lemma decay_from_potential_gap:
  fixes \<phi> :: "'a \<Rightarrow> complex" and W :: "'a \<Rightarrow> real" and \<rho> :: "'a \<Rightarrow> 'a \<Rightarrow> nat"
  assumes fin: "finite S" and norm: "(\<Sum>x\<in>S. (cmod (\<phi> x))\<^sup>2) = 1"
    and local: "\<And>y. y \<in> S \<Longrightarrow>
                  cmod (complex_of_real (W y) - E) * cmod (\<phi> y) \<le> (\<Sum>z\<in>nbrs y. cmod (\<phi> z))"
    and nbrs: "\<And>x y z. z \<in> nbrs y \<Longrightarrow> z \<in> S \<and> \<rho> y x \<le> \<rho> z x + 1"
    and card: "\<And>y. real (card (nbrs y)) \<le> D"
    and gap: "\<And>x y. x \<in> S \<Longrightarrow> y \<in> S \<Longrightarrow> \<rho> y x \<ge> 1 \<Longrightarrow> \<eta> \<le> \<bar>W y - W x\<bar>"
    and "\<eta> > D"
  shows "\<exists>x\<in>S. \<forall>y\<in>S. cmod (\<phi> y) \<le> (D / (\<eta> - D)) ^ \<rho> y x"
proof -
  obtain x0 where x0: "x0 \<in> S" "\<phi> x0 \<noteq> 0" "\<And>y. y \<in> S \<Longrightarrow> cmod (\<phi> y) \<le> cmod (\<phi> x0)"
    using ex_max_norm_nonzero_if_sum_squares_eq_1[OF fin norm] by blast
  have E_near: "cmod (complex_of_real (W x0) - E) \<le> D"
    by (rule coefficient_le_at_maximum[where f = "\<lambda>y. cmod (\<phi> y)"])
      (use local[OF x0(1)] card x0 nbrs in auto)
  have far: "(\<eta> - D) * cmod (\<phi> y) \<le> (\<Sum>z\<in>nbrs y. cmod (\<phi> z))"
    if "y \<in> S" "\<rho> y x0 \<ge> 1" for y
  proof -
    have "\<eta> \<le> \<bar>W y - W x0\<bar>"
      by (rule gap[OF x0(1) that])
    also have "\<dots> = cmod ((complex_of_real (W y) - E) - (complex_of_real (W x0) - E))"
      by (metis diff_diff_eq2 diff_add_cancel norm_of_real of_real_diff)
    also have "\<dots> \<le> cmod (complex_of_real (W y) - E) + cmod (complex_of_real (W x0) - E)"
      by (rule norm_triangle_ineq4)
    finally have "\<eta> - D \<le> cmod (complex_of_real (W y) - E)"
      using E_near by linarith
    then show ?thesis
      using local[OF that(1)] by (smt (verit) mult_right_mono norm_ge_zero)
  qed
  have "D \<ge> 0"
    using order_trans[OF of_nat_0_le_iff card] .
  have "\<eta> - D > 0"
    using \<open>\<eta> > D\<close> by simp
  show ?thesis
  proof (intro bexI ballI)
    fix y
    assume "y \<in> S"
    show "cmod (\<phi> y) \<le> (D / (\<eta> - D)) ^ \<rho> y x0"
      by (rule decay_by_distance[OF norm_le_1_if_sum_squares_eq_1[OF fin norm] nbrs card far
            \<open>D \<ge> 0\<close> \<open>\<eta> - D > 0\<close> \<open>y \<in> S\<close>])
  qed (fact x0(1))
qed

---

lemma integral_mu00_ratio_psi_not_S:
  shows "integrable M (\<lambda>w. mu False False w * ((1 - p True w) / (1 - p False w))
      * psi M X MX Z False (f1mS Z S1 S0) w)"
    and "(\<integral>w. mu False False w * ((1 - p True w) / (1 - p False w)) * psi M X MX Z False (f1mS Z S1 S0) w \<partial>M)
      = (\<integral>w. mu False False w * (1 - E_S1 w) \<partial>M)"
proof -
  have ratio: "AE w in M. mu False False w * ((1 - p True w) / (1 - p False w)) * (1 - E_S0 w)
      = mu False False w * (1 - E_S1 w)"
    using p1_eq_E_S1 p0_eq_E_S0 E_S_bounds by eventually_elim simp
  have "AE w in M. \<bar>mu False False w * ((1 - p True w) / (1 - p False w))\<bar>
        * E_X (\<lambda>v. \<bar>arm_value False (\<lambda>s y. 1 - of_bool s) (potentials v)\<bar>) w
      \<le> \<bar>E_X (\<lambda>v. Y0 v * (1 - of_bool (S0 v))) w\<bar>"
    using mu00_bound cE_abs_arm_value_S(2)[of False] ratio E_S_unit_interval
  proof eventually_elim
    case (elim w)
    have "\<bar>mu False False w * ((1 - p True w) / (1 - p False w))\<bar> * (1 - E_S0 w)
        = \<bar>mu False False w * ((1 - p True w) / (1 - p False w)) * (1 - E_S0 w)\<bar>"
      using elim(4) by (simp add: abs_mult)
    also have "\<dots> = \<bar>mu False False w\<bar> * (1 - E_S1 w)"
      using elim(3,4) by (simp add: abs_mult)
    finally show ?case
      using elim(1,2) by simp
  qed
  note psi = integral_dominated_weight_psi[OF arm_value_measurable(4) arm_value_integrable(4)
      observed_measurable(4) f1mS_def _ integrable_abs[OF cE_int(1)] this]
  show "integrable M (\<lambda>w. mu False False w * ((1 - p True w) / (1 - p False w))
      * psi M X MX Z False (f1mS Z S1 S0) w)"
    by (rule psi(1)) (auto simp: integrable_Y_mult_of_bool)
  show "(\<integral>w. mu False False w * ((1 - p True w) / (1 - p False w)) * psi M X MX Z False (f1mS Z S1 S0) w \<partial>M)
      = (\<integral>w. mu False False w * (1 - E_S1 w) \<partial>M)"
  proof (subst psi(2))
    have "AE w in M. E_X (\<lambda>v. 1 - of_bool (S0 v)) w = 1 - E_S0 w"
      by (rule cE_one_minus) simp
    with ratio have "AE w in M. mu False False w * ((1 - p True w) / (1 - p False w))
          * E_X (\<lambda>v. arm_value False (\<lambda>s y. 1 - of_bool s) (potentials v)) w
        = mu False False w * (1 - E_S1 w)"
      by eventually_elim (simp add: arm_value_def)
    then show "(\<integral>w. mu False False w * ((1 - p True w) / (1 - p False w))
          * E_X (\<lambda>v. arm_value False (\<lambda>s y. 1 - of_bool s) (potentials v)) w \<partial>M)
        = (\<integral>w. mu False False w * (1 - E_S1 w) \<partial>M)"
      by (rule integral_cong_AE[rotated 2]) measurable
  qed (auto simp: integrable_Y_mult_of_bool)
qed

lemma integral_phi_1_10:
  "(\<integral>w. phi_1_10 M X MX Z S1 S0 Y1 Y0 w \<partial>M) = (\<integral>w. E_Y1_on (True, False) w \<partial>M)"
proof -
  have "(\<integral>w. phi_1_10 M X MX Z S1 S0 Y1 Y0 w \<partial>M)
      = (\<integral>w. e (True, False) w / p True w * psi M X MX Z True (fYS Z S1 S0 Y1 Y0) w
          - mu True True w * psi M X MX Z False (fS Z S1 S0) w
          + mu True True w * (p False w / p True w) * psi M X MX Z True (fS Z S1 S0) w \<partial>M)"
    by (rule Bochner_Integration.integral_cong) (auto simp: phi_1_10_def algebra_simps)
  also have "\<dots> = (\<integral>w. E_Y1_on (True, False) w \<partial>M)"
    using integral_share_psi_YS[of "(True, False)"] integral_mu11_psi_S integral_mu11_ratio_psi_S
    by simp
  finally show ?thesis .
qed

_TASK OBJECTIVE_: Among the lines of the data above, find those with the word "simp" and show them.

_SOLUTION TO THE EXERCISE_:
    using \<open>\<eta> > D\<close> by simp
    using p1_eq_E_S1 p0_eq_E_S0 E_S_bounds by eventually_elim simp
      using elim(4) by (simp add: abs_mult)
      using elim(3,4) by (simp add: abs_mult)
      using elim(1,2) by simp
    by (rule psi(1)) (auto simp: integrable_Y_mult_of_bool)
      by (rule cE_one_minus) simp
      by eventually_elim (simp add: arm_value_def)
  qed (auto simp: integrable_Y_mult_of_bool)
    by (rule Bochner_Integration.integral_cong) (auto simp: phi_1_10_def algebra_simps)
    by simp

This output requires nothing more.